Figure 1. Comparison between integral model predictions (blue lines) and observations of arc-maximum surface Cl2 concentrations in 2015 Jack Rabbit II experiments versus downwind distance from source. CFD model results from the UK Health and Safety Executive (HSE) calculations (Gant et al., 2018) also included.
Figure 1. Comparison between integral model predictions (blue lines) and observations of arc-maximum surface Cl2 concentrations in 2015 Jack Rabbit II experiments versus downwind distance from source. CFD model results from the UK Health and Safety Executive (HSE) calculations (Gant et al., 2018) also included.

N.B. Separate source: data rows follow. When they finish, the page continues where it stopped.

(* Fix $d\ge 1$. There is a constant $c_d$ depending only on $d$ such that for every 2-dimensional binary matrix $X$ and every partition $\{x_i\}$ of $X$ into sub-matrices of size at most $d\times d$, $$\big|BDM_{\{x_i\}}(X)-H_{\{x_i\}}(X)\big|\le c_d\log(|\{x_i\}|),$$ that is, $|BDM_{\{x_i\}}(X)-H_{\{x_i\}}(X)|=O(\log|\{x_i\}|)$.
   Context: For a partition $\{x_i\}$ of $X$, $|\{x_i\}|$ is the number of blocks, and $Adj(X)_{\{x_i\}}$ is the set of pairs $(r_j,n_j)$ with $r_j$ the distinct blocks and $n_j$ the number of blocks equal to $r_j$ (so $\sum_j n_j=|\{x_i\}|$). $CTM(s)=-\log_2 D(t,k)(s)$, where $D(t,k)(s)$ is the fraction of halting $t$-state $k$-symbol (2-dimensional) Turing machines started on an empty tape that output $s$; CTM values are assumed available (finite) for all binary matrices of size at most $d\times d$. $BDM_{\{x_i\}}(X)=\sum_{(r_j,n_j)\in Adj(X)_{\{x_i\}}}(CTM(r_j)+\log_2 n_j)$. The block Shannon entropy is $H_{\{x_i\}}(X)=-\sum_{(r_j,n_j)\in Adj(X)_{\{x_i\}}}\frac{n_j}{|\{x_i\}|}\log_2\frac{n_j}{|\{x_i\}|}$, each block $r_j$ being treated as a symbol. *)

theory Defs
  imports Complex_Main
begin

type_synonym bmat = "bool list list"

definition is_bmatrix :: "bmat \<Rightarrow> bool" where
  "is_bmatrix X \<longleftrightarrow> (\<forall>row \<in> set X. length row = length (hd X))"

definition nrows :: "bmat \<Rightarrow> nat" where "nrows X = length X"
definition ncols :: "bmat \<Rightarrow> nat" where "ncols X = (if X = [] then 0 else length (hd X))"

text \<open>A rectangle (i, j, h, w): top-left cell (row i, column j), height h, width w.\<close>
type_synonym rect = "nat \<times> nat \<times> nat \<times> nat"

definition rect_cells :: "rect \<Rightarrow> (nat \<times> nat) set" where
  "rect_cells R = (case R of (i, j, h, w) \<Rightarrow>
     {(r, c). i \<le> r \<and> r < i + h \<and> j \<le> c \<and> c < j + w})"

definition submatrix :: "bmat \<Rightarrow> rect \<Rightarrow> bmat" where
  "submatrix X R = (case R of (i, j, h, w) \<Rightarrow>
     map (\<lambda>row. take w (drop j row)) (take h (drop i X)))"

definition is_block_partition :: "nat \<Rightarrow> bmat \<Rightarrow> rect set \<Rightarrow> bool" where
  "is_block_partition d X P \<longleftrightarrow>
     finite P \<and>
     (\<forall>R \<in> P. case R of (i, j, h, w) \<Rightarrow>
         1 \<le> h \<and> h \<le> d \<and> 1 \<le> w \<and> w \<le> d \<and> i + h \<le> nrows X \<and> j + w \<le> ncols X) \<and>
     (\<forall>R \<in> P. \<forall>R' \<in> P. R \<noteq> R' \<longrightarrow> rect_cells R \<inter> rect_cells R' = {}) \<and>
     (\<Union>R \<in> P. rect_cells R) = {..<nrows X} \<times> {..<ncols X}"

definition blocks :: "bmat \<Rightarrow> rect set \<Rightarrow> bmat set" where
  "blocks X P = submatrix X ` P"

definition mult :: "bmat \<Rightarrow> rect set \<Rightarrow> bmat \<Rightarrow> nat" where
  "mult X P r = card {R \<in> P. submatrix X R = r}"

definition BDM :: "(bmat \<Rightarrow> real) \<Rightarrow> bmat \<Rightarrow> rect set \<Rightarrow> real" where
  "BDM ctm X P = (\<Sum>r \<in> blocks X P. ctm r + log 2 (real (mult X P r)))"

definition block_entropy :: "bmat \<Rightarrow> rect set \<Rightarrow> real" where
  "block_entropy X P = - (\<Sum>r \<in> blocks X P.
      (real (mult X P r) / real (card P)) * log 2 (real (mult X P r) / real (card P)))"

end

theory Submission
  imports Defs
begin

text \<open>Every block has at most d rows of at most d entries, so the distinct blocks range over a
  finite set \<open>bmats_upto d\<close> of matrices depending only on d. Subtracting the entropy from BDM
  termwise, the term of a block r with multiplicity n among N blocks is
  \<open>CTM(r) + log n + (n/N) log (n/N)\<close>, whose absolute value is at most \<open>|CTM(r)| + 2 log N\<close>.
  Summing over the finite universe gives \<open>\<Sum>|CTM| + 2 card(bmats_upto d) log N\<close>, which is
  \<open>O(log N)\<close> since \<open>log N \<ge> 1\<close> for \<open>N \<ge> 2\<close>.\<close>

definition bmats_upto :: "nat \<Rightarrow> bmat set" where
  "bmats_upto d = {xs. set xs \<subseteq> {ys. length ys \<le> d} \<and> length xs \<le> d}"

lemma finite_bmats_upto: "finite (bmats_upto d)"
  unfolding bmats_upto_def by (intro finite_lists_length_le finite_lists_length_le[of UNIV, simplified]) auto

lemma blocks_subset_bmats_upto:
  assumes "is_block_partition d X P"
  shows "blocks X P \<subseteq> bmats_upto d"
proof
  fix r assume "r \<in> blocks X P"
  then obtain i j h w where R: "(i, j, h, w) \<in> P" and r: "r = submatrix X (i, j, h, w)"
    unfolding blocks_def by auto
  from assms R have "h \<le> d" "w \<le> d" unfolding is_block_partition_def by auto
  then show "r \<in> bmats_upto d" unfolding r submatrix_def bmats_upto_def by auto
qed

lemma mult_pos_le_card:
  assumes "finite P" and "r \<in> blocks X P"
  shows "1 \<le> mult X P r" and "mult X P r \<le> card P"
proof -
  from assms(2) have "{R \<in> P. submatrix X R = r} \<noteq> {}" unfolding blocks_def by auto
  with assms(1) show "1 \<le> mult X P r"
    unfolding mult_def by (simp add: Suc_le_eq card_gt_0_iff)
  show "mult X P r \<le> card P" unfolding mult_def using assms(1) by (intro card_mono) auto
qed

lemma BDM_minus_block_entropy:
  "BDM ctm X P - block_entropy X P =
     (\<Sum>r\<in>blocks X P. ctm r + log 2 (real (mult X P r)) +
        real (mult X P r) / real (card P) * log 2 (real (mult X P r) / real (card P)))"
  unfolding BDM_def block_entropy_def by (simp add: sum.distrib)

lemma abs_frac_mult_log_frac_le:
  fixes m N :: nat
  assumes "1 \<le> m" and "m \<le> N"
  shows "\<bar>real m / real N * log 2 (real m / real N)\<bar> \<le> log 2 (real N)"
proof -
  have p_pos: "0 < real m / real N" and p_le_1: "real m / real N \<le> 1"
    using assms by auto
  have log_frac: "log 2 (real m / real N) = log 2 (real m) - log 2 (real N)"
    using assms by (simp add: log_divide)
  have log_m: "0 \<le> log 2 (real m)" "log 2 (real m) \<le> log 2 (real N)"
    using assms by simp_all
  have "\<bar>real m / real N * log 2 (real m / real N)\<bar>
        = real m / real N * (- log 2 (real m / real N))"
    using p_pos log_frac log_m by (simp add: abs_mult)
  also have "\<dots> \<le> 1 * log 2 (real N)"
    by (rule mult_mono) (use p_le_1 log_frac log_m in auto)
  finally show ?thesis by simp
qed

lemma abs_BDM_term_le:
  fixes m N :: nat and a :: real
  assumes "1 \<le> m" and "m \<le> N"
  shows "\<bar>a + log 2 (real m) + real m / real N * log 2 (real m / real N)\<bar>
         \<le> \<bar>a\<bar> + 2 * log 2 (real N)"
proof -
  have "0 \<le> log 2 (real m)" "log 2 (real m) \<le> log 2 (real N)"
    using assms by simp_all
  with abs_frac_mult_log_frac_le[OF assms] show ?thesis
    by (smt (verit) abs_triangle_ineq)
qed

lemma abs_BDM_minus_block_entropy_le:
  assumes "finite P" and "card P \<ge> 1" and "finite S" and "blocks X P \<subseteq> S"
  shows "\<bar>BDM ctm X P - block_entropy X P\<bar>
         \<le> (\<Sum>r\<in>S. \<bar>ctm r\<bar>) + 2 * real (card S) * log 2 (real (card P))"
proof -
  let ?N = "card P"
  have "\<bar>BDM ctm X P - block_entropy X P\<bar> \<le>
     (\<Sum>r\<in>blocks X P. \<bar>ctm r + log 2 (real (mult X P r)) +
        real (mult X P r) / real ?N * log 2 (real (mult X P r) / real ?N)\<bar>)"
    unfolding BDM_minus_block_entropy by (rule sum_abs)
  also have "\<dots> \<le> (\<Sum>r\<in>blocks X P. \<bar>ctm r\<bar> + 2 * log 2 (real ?N))"
    by (intro sum_mono abs_BDM_term_le mult_pos_le_card[OF assms(1)])
  also have "\<dots> \<le> (\<Sum>r\<in>S. \<bar>ctm r\<bar> + 2 * log 2 (real ?N))"
    by (rule sum_mono2[OF assms(3,4)]) (use assms(2) in simp)
  also have "\<dots> = (\<Sum>r\<in>S. \<bar>ctm r\<bar>) + 2 * real (card S) * log 2 (real ?N)"
    by (simp add: sum.distrib)
  finally show ?thesis .
qed

theorem proposition2:
  fixes ctm :: "bmat \<Rightarrow> real" and d :: nat
  assumes "d \<ge> 1"
  shows "\<exists>c::real. \<forall>X P. is_bmatrix X \<longrightarrow> is_block_partition d X P \<longrightarrow> card P \<ge> 2 \<longrightarrow>
           \<bar>BDM ctm X P - block_entropy X P\<bar> \<le> c * log 2 (real (card P))"
proof (intro exI allI impI)
  fix X P
  assume partition: "is_block_partition d X P" and two_le: "card P \<ge> 2"
  define M where "M = (\<Sum>r\<in>bmats_upto d. \<bar>ctm r\<bar>)"
  have log_ge_1: "1 \<le> log 2 (real (card P))" using two_le by simp
  have "M \<le> M * log 2 (real (card P))"
    using log_ge_1 mult_left_mono[of 1 _ M] unfolding M_def by (simp add: sum_nonneg)
  moreover have "\<bar>BDM ctm X P - block_entropy X P\<bar>
                 \<le> M + 2 * real (card (bmats_upto d)) * log 2 (real (card P))"
    unfolding M_def using partition two_le
    by (intro abs_BDM_minus_block_entropy_le finite_bmats_upto blocks_subset_bmats_upto)
       (auto simp: is_block_partition_def)
  ultimately show "\<bar>BDM ctm X P - block_entropy X P\<bar>
                   \<le> (M + 2 * real (card (bmats_upto d))) * log 2 (real (card P))"
    by (simp add: algebra_simps)
qed

end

For large distances (x > 50 m), comparisons of the model (blue line) with the maximum observed chlorine concentrations from the JRII experiments in Fig. 1 show that the model exhibits general agreement with the data, mostly within a factor of 2 – 3, and a decrease with distance similar to the observations. In addition, the model is in good agreement (factor of 2) with predictions from a RANS computational fluid dynamics (CFD) model at distances of 200 m and 500 m downwind. The results also show some differences in model behavior at short distances (x < 50 m), where better model-data agreement occurs for Trials 2 and 3 with higher winds (Uref ~ 4 m/s) than for Trials 1, 4, and 5 with lighter winds (Uref < 3 m/s). The differences with respect to wind speed and wind direction, relative to the mock urban array normal, are under investigation.

Plans for 2018

Our plans for 2018 are: 1) to extend the model to different venting orientations and test with the Jack Rabbit II 2016 data, 2) to assess model parameters (entrainment, etc.) for terrain/roughness effects using the 2015 experiment results (mock urban array) and the Jack Rabbit II 2016 experiments, which were conducted over smooth flat terrain, 3) to investigate the differences in puff growth normal and parallel to the “building orientation” in the mock urban array using CFD results and the Jack Rabbit II 2015 data, and 4) to link the integral puff model with a Lagrangian particle model to produce probabilistic concentration predictions.